К вечеру, только накинув на плечи шинель, чтобы все видели мой орден и три медали, я вышел на улицу. Как радостно было узнавать знакомые лица, какими родными и близкими кажутся даже те, на кого прежде и внимания не обращал, с кем, может, и не здоровался! Сегодня все со мной приветливы, радостно удивлены. Человек вернулся с войны, вырос, повзрослел! Мужчины, как с равным, здороваются со мной за руку. Осторожно, чтобы не обидеть меня, кто-нибудь вспомнит о ровесниках, которые ушли вместе со мной, но вот не вернулись.

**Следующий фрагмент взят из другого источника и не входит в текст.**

(* Let $n\ge4$, and let $x_1,\dots,x_{2n}$ and $z_2,z_4,\dots,z_{2n}$ be the elements of the boundary algebra $e_b\Lambda_{Q_F(n)}e_b$ defined below. Then for all $k\in[1,n]$, with indices modulo $2n$, $$\text{(I)}\quad z_{2k}z_{2k-2}=x_{2k+1}x_{2k+2}\cdots x_{2k+2(n-2)},\qquad \text{(II)}\quad x_{2k+1}x_{2k+2}z_{2k+2}=z_{2k}x_{2k-1}x_{2k}$$ hold in $e_b\Lambda_{Q_F(n)}e_b$.
   Context: Paths are composed from left to right. The dimer algebra of a dimer model with boundary $Q$ is $\Lambda_Q=\mathbb{C}Q/\langle\partial W\rangle$, where $\partial W$ consists of the relations $p_1\cdots p_k=q_1\cdots q_l$, one for each internal arrow $\alpha$ lying on the anticlockwise face boundary $\alpha p_1\cdots p_k$ and the clockwise face boundary $\alpha q_1\cdots q_l$; $e_b$ is the sum of the trivial paths at the boundary vertices. GL$_2$-dimer quiver: for a triangulation $T$ of a convex $n$-gon $P$ with vertices $v_1,\dots,v_n$ anticlockwise, subdivide each triangle of $T$ by the midlines into $4$ small triangles; put a black node at the midpoint of each half-side of each triangle and in each downward (middle) small triangle, and a white node in each of the three upward small triangles; join nodes of different colour lying in the same small triangle or in small triangles sharing a side. The quiver has a vertex for each component of the complement of this graph in $P$ and an arrow across each edge, oriented with the white endpoint on its left; white nodes give anticlockwise faces, black nodes of degree $\ge 2$ clockwise faces; 2-cycles of internal arrows are removed via the potential (reduced quiver). $Q_F(n)$: the reduced quiver for the fan triangulation with diagonals $v_1v_{k+2}$, $k=1,\dots,n-3$. It has boundary vertices $1,\dots,2n$ (anticlockwise, $2j-1$ being the component at corner $v_j$), internal vertices $i_1,\dots,i_{n-3}$, and arrows $x_k:k-1\to k$ ($k\in[1,2n]$, mod $2n$), $y_4:4\to2$, $y_{2n}:2n\to 2n-2$, $\alpha_0:2\to i_1$, $\alpha_k:i_k\to i_{k+1}$ ($1\le k<n-3$), $\alpha_{n-3}:i_{n-3}\to 2n$, $\beta_{k-1}:i_k\to 2k+2$ and $\gamma_k:2k+4\to i_k$ ($1\le k\le n-3$). The paths $z_{2k}:2k\to 2k-2$ are $z_{2k}:=\gamma_{k-2}\beta_{k-3}$ for $k=3,\dots,n-1$, $z_4:=y_4$, $z_2:=\alpha_0\alpha_1\cdots\alpha_{n-3}$, $z_{2n}:=y_{2n}$. *)

theory Defs
  imports Complex_Main
begin

datatype vert = Bd nat | Iv nat

text \<open>Arrows: X k is x_k, Y4 is y_4, Y2n is y_{2n}, Al k is alpha_k, Be k is beta_k,
  Ga k is gamma_k.\<close>
datatype arr = X nat | Y4 | Y2n | Al nat | Be nat | Ga nat

text \<open>Boundary index modulo 2n, with representatives in [1,2n].\<close>
definition bix :: "nat \<Rightarrow> nat \<Rightarrow> nat" where
  "bix n k = (k + 2*n - 1) mod (2*n) + 1"

fun asrc :: "nat \<Rightarrow> arr \<Rightarrow> vert" where
  "asrc n (X k) = Bd (bix n (k - 1))"
| "asrc n Y4 = Bd 4"
| "asrc n Y2n = Bd (2*n)"
| "asrc n (Al k) = (if k = 0 then Bd 2 else Iv k)"
| "asrc n (Be j) = Iv (j + 1)"
| "asrc n (Ga k) = Bd (2*k + 4)"

fun atgt :: "nat \<Rightarrow> arr \<Rightarrow> vert" where
  "atgt n (X k) = Bd k"
| "atgt n Y4 = Bd 2"
| "atgt n Y2n = Bd (2*n - 2)"
| "atgt n (Al k) = (if k = n - 3 then Bd (2*n) else Iv (k + 1))"
| "atgt n (Be j) = Bd (2*j + 4)"
| "atgt n (Ga k) = Iv k"

fun valid_vert :: "nat \<Rightarrow> vert \<Rightarrow> bool" where
  "valid_vert n (Bd k) = (1 \<le> k \<and> k \<le> 2*n)"
| "valid_vert n (Iv k) = (1 \<le> k \<and> k \<le> n - 3)"

fun valid_arr :: "nat \<Rightarrow> arr \<Rightarrow> bool" where
  "valid_arr n (X k) = (1 \<le> k \<and> k \<le> 2*n)"
| "valid_arr n Y4 = True"
| "valid_arr n Y2n = True"
| "valid_arr n (Al k) = (k \<le> n - 3)"
| "valid_arr n (Be j) = (j + 1 \<le> n - 3)"
| "valid_arr n (Ga k) = (1 \<le> k \<and> k \<le> n - 3)"

fun internal_arr :: "arr \<Rightarrow> bool" where
  "internal_arr (X k) = False"
| "internal_arr _ = True"

section \<open>Paths (composed left to right)\<close>

text \<open>A path is a start vertex together with a list of arrows; P v [] is the trivial path e_v.\<close>
datatype path = P vert "arr list"

fun composable :: "nat \<Rightarrow> arr list \<Rightarrow> bool" where
  "composable n [] = True"
| "composable n [a] = True"
| "composable n (a # b # as) = (atgt n a = asrc n b \<and> composable n (b # as))"

fun valid_path :: "nat \<Rightarrow> path \<Rightarrow> bool" where
  "valid_path n (P v as) = (valid_vert n v \<and> (\<forall>a\<in>set as. valid_arr n a) \<and> composable n as
      \<and> (as \<noteq> [] \<longrightarrow> asrc n (hd as) = v))"

fun ptgt :: "nat \<Rightarrow> path \<Rightarrow> vert" where
  "ptgt n (P v as) = (if as = [] then v else atgt n (last as))"

fun pmult :: "nat \<Rightarrow> path \<Rightarrow> path \<Rightarrow> path option" where
  "pmult n (P v as) (P w bs) = (if ptgt n (P v as) = w then Some (P v (as @ bs)) else None)"

definition mkpath :: "nat \<Rightarrow> arr list \<Rightarrow> path" where
  "mkpath n as = P (asrc n (hd as)) as"

definition CQ :: "nat \<Rightarrow> (path \<Rightarrow> complex) set" where
  "CQ n = {f. finite {p. f p \<noteq> 0} \<and> (\<forall>p. f p \<noteq> 0 \<longrightarrow> valid_path n p)}"

definition pmul :: "nat \<Rightarrow> (path \<Rightarrow> complex) \<Rightarrow> (path \<Rightarrow> complex) \<Rightarrow> (path \<Rightarrow> complex)" where
  "pmul n f g = (\<lambda>r. \<Sum>(p, q) \<in> {(p, q). pmult n p q = Some r}. f p * g q)"

definition basis :: "path \<Rightarrow> (path \<Rightarrow> complex)" where
  "basis p = (\<lambda>r. if r = p then 1 else 0)"

text \<open>z_{2k} as a list of arrows, for k in [1,n].\<close>
definition zpath :: "nat \<Rightarrow> nat \<Rightarrow> arr list" where
  "zpath n k = (if k = 1 then map Al [0..<n - 2]
               else if k = 2 then [Y4]
               else if k = n then [Y2n]
               else [Ga (k - 2), Be (k - 3)])"

text \<open>z_{2j} with j taken modulo n (representatives in [1,n]).\<close>
definition zz :: "nat \<Rightarrow> nat \<Rightarrow> arr list" where
  "zz n j = zpath n ((j + n - 1) mod n + 1)"

text \<open>The faces of Q_F(n), as cyclic words of arrows: the n faces
  x_{2j-1} x_{2j} z_{2j} at the boundary and the n-2 triangles, one per triangle of the fan.\<close>
definition faces :: "nat \<Rightarrow> arr list list" where
  "faces n = map (\<lambda>j. [X (2*j - 1), X (2*j)] @ zpath n j) [1..<n + 1]
     @ [[Y4, Al 0, Be 0]]
     @ map (\<lambda>k. [Al (k - 1), Be (k - 1), Ga (k - 1)]) [2..<n - 2]
     @ [[Al (n - 3), Y2n, Ga (n - 3)]]"

text \<open>The relations p = q of \<partial>W: for an internal arrow a lying on two distinct faces
  a p and a q (up to cyclic rotation).\<close>
definition dW_rel :: "nat \<Rightarrow> arr list \<Rightarrow> arr list \<Rightarrow> bool" where
  "dW_rel n p q = (\<exists>a F1 F2 i j. internal_arr a \<and> F1 \<in> set (faces n) \<and> F2 \<in> set (faces n)
      \<and> F1 \<noteq> F2 \<and> rotate i F1 = a # p \<and> rotate j F2 = a # q)"

inductive_set dW_ideal :: "nat \<Rightarrow> (path \<Rightarrow> complex) set" for n where
  gen: "dW_rel n p q \<Longrightarrow> (\<lambda>r. basis (mkpath n p) r - basis (mkpath n q) r) \<in> dW_ideal n"
| zero: "(\<lambda>r. 0) \<in> dW_ideal n"
| add: "f \<in> dW_ideal n \<Longrightarrow> g \<in> dW_ideal n \<Longrightarrow> (\<lambda>r. f r + g r) \<in> dW_ideal n"
| smult: "f \<in> dW_ideal n \<Longrightarrow> (\<lambda>r. c * f r) \<in> dW_ideal n"
| lmult: "f \<in> dW_ideal n \<Longrightarrow> g \<in> CQ n \<Longrightarrow> pmul n g f \<in> dW_ideal n"
| rmult: "f \<in> dW_ideal n \<Longrightarrow> g \<in> CQ n \<Longrightarrow> pmul n f g \<in> dW_ideal n"

text \<open>Equality in the dimer algebra \<Lambda> = CQ / \<langle>\<partial>W\<rangle>.\<close>
definition lam_eq :: "nat \<Rightarrow> (path \<Rightarrow> complex) \<Rightarrow> (path \<Rightarrow> complex) \<Rightarrow> bool" where
  "lam_eq n f g = ((\<lambda>r. f r - g r) \<in> dW_ideal n)"

definition pel :: "nat \<Rightarrow> arr list \<Rightarrow> (path \<Rightarrow> complex)" where
  "pel n as = basis (mkpath n as)"

text \<open>x_j with j taken modulo 2n.\<close>
definition xx :: "nat \<Rightarrow> nat \<Rightarrow> arr" where
  "xx n j = X (bix n j)"

end

theory Submission imports Defs begin

text \<open>Each relation of \<partial>W trades the arrows of one face through an internal arrow for the
  complementary arrows of the other face through it. Relation (II) is two such moves across a
  single triangle of the fan. For (I), induction along the fan gives the chains
  gamma_a alpha_a ... alpha_{n-3} = x_{2a+5} ... x_{2n} and
  alpha_0 ... alpha_m beta_m = x_3 ... x_{2m+4}, and one more move turns each product
  z_{2k} z_{2k-2} into such chains.\<close>

definition relation_I :: "nat \<Rightarrow> nat \<Rightarrow> bool" where
  "relation_I n k = lam_eq n (pel n (zz n k @ zz n (k - 1)))
                           (pel n (map (xx n) [2*k + 1..<2*k + 2*(n - 2) + 1]))"

definition relation_II :: "nat \<Rightarrow> nat \<Rightarrow> bool" where
  "relation_II n k = lam_eq n (pel n ([xx n (2*k + 1), xx n (2*k + 2)] @ zz n (k + 1)))
                            (pel n (zz n k @ [xx n (2*k - 1), xx n (2*k)]))"

definition walk :: "nat \<Rightarrow> arr list \<Rightarrow> bool" where
  "walk n as = ((\<forall>a\<in>set as. valid_arr n a) \<and> composable n as)"

lemma composable_Cons:
  "composable n (a # as) = ((as \<noteq> [] \<longrightarrow> atgt n a = asrc n (hd as)) \<and> composable n as)"
  by (cases as) auto

lemma composable_append:
  "composable n (as @ bs) = (composable n as \<and> composable n bs
     \<and> (as \<noteq> [] \<longrightarrow> bs \<noteq> [] \<longrightarrow> atgt n (last as) = asrc n (hd bs)))"
  by (induction as) (auto simp: composable_Cons)

lemma walk_Nil [simp]: "walk n []"
  by (simp add: walk_def)

lemma walk_Cons:
  "walk n (a # as) = (valid_arr n a \<and> walk n as \<and> (as \<noteq> [] \<longrightarrow> atgt n a = asrc n (hd as)))"
  unfolding walk_def composable_Cons by auto

lemma walk_append:
  "walk n (as @ bs) = (walk n as \<and> walk n bs
     \<and> (as \<noteq> [] \<longrightarrow> bs \<noteq> [] \<longrightarrow> atgt n (last as) = asrc n (hd bs)))"
  unfolding walk_def composable_append by auto

lemma upt_append_split: "a \<le> b \<Longrightarrow> b \<le> c \<Longrightarrow> [a..<c] = [a..<b] @ [b..<c]"
  using upt_add_eq_append[of a b "c - b"] by simp

lemma map_upt_1: "3 \<le> b \<Longrightarrow> map f [1..<b] = [f 1, f 2] @ map f [3..<b]"
  using upt_append_split[of 1 3 b] by (simp add: numeral_2_eq_2 numeral_3_eq_3)

lemma bix_id: "1 \<le> j \<Longrightarrow> j \<le> 2*n \<Longrightarrow> bix n j = j"
  unfolding bix_def
proof -
  assume j: "1 \<le> j" "j \<le> 2*n"
  then have "j + 2*n - 1 = (j - 1) + 2*n" by simp
  then have "(j + 2*n - 1) mod (2*n) = (j - 1) mod (2*n)" by (simp only: mod_add_self2)
  then show "(j + 2*n - 1) mod (2*n) + 1 = j" using j by simp
qed

lemma bix_wrap: "2*n < j \<Longrightarrow> j \<le> 4*n \<Longrightarrow> bix n j = j - 2*n"
  unfolding bix_def
proof -
  assume j: "2*n < j" "j \<le> 4*n"
  then have "j + 2*n - 1 = (j - 2*n - 1) + 2*n + 2*n" by simp
  then have "(j + 2*n - 1) mod (2*n) = (j - 2*n - 1) mod (2*n)" by (simp only: mod_add_self2)
  then show "(j + 2*n - 1) mod (2*n) + 1 = j - 2*n" using j by simp
qed

lemma walk_X_upt: "1 \<le> a \<Longrightarrow> b \<le> 2*n + 1 \<Longrightarrow> walk n (map X [a..<b])"
proof (induction b)
  case (Suc b)
  show ?case
  proof (cases "a \<le> b")
    case True
    have "a < b \<Longrightarrow> bix n (b - 1) = b - 1" using Suc True by (intro bix_id) auto
    then show ?thesis using Suc True by (auto simp: walk_append walk_Cons last_map)
  qed simp
qed simp

lemma walk_Al_upt: "b + 2 \<le> n \<Longrightarrow> walk n (map Al [a..<b])"
  by (induction b) (auto simp: walk_append walk_Cons last_map)

lemma finite_factorizations: "finite {(p, q). pmult n p q = Some r}"
proof -
  obtain v cs where r: "r = P v cs" by (cases r)
  have "{(p, q). pmult n p q = Some r} \<subseteq>
     (\<lambda>i. (P v (take i cs), P (ptgt n (P v (take i cs))) (drop i cs))) ` {..length cs}"
  proof
    fix x assume "x \<in> {(p, q). pmult n p q = Some r}"
    then obtain p q where x: "x = (p, q)" and pq: "pmult n p q = Some r" by auto
    obtain v' as where p: "p = P v' as" by (cases p)
    obtain w bs where q: "q = P w bs" by (cases q)
    from pq have "ptgt n (P v' as) = w" "v' = v" "as @ bs = cs"
      by (auto simp: p q r split: if_splits)
    then show "x \<in> (\<lambda>i. (P v (take i cs), P (ptgt n (P v (take i cs))) (drop i cs)))
                   ` {..length cs}"
      by (intro image_eqI[of _ _ "length as"]) (auto simp: x p q)
  qed
  then show ?thesis by (rule finite_subset) simp
qed

lemma pmul_basis: "pmult n a b = Some c \<Longrightarrow> pmul n (basis a) (basis b) = basis c"
proof
  fix r assume ab: "pmult n a b = Some c"
  have "pmul n (basis a) (basis b) r
      = (\<Sum>x\<in>{(p, q). pmult n p q = Some r}. if x = (a, b) then 1 else 0)"
    unfolding pmul_def by (rule sum.cong) (auto simp: basis_def split: if_splits)
  also have "\<dots> = (if (a, b) \<in> {(p, q). pmult n p q = Some r} then 1 else 0)"
    using finite_factorizations by (rule sum.delta)
  also have "\<dots> = basis c r" using ab by (auto simp: basis_def)
  finally show "pmul n (basis a) (basis b) r = basis c r" .
qed

lemma pmul_diff_right: "pmul n g (\<lambda>r. f1 r - f2 r) = (\<lambda>r. pmul n g f1 r - pmul n g f2 r)"
  unfolding pmul_def by (auto simp: split_def right_diff_distrib sum_subtractf)

lemma pmul_diff_left: "pmul n (\<lambda>r. f1 r - f2 r) g = (\<lambda>r. pmul n f1 g r - pmul n f2 g r)"
  unfolding pmul_def by (auto simp: split_def left_diff_distrib sum_subtractf)

lemma basis_in_CQ: "valid_path n p \<Longrightarrow> basis p \<in> CQ n"
  unfolding CQ_def basis_def by (auto simp: finite_subset[of _ "{p}"])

Только успел я дойти до центральной площади, пыльной, неуютной, с облезлой деревянной трибуной посредине, как встретил одну из своих одноклассниц. Она мне сказала, что Люся здесь и, кажется, еще не уехала. Я бросился на прежнюю Люсину квартиру, и предчувствие меня не подвело. Люся была там.
Слепец! Я даже не замечал, как радость превращается в боль и муку. Люся встретила меня неласково. Она стояла растерянная, испуганная и не пыталась скрывать свои чувства. Похудевшая, поблекшая, будто тяжелая болезнь подточила ее и она только-только встала на ноги. Но все-таки это была Люся, и, охваченный счастливым порывом, я не хотел ничего замечать. Спрашивал о здоровье, о семье, о том, много ли писала мне писем на фронт. Она сказала, что завтра ей очень нужно быть в Боровцах, — я предложил сейчас же проводить ее до самых Боровцов. И случилось чудо. Люся будто повеселела. Она взяла с собой маленький узелок, и мы двинулись.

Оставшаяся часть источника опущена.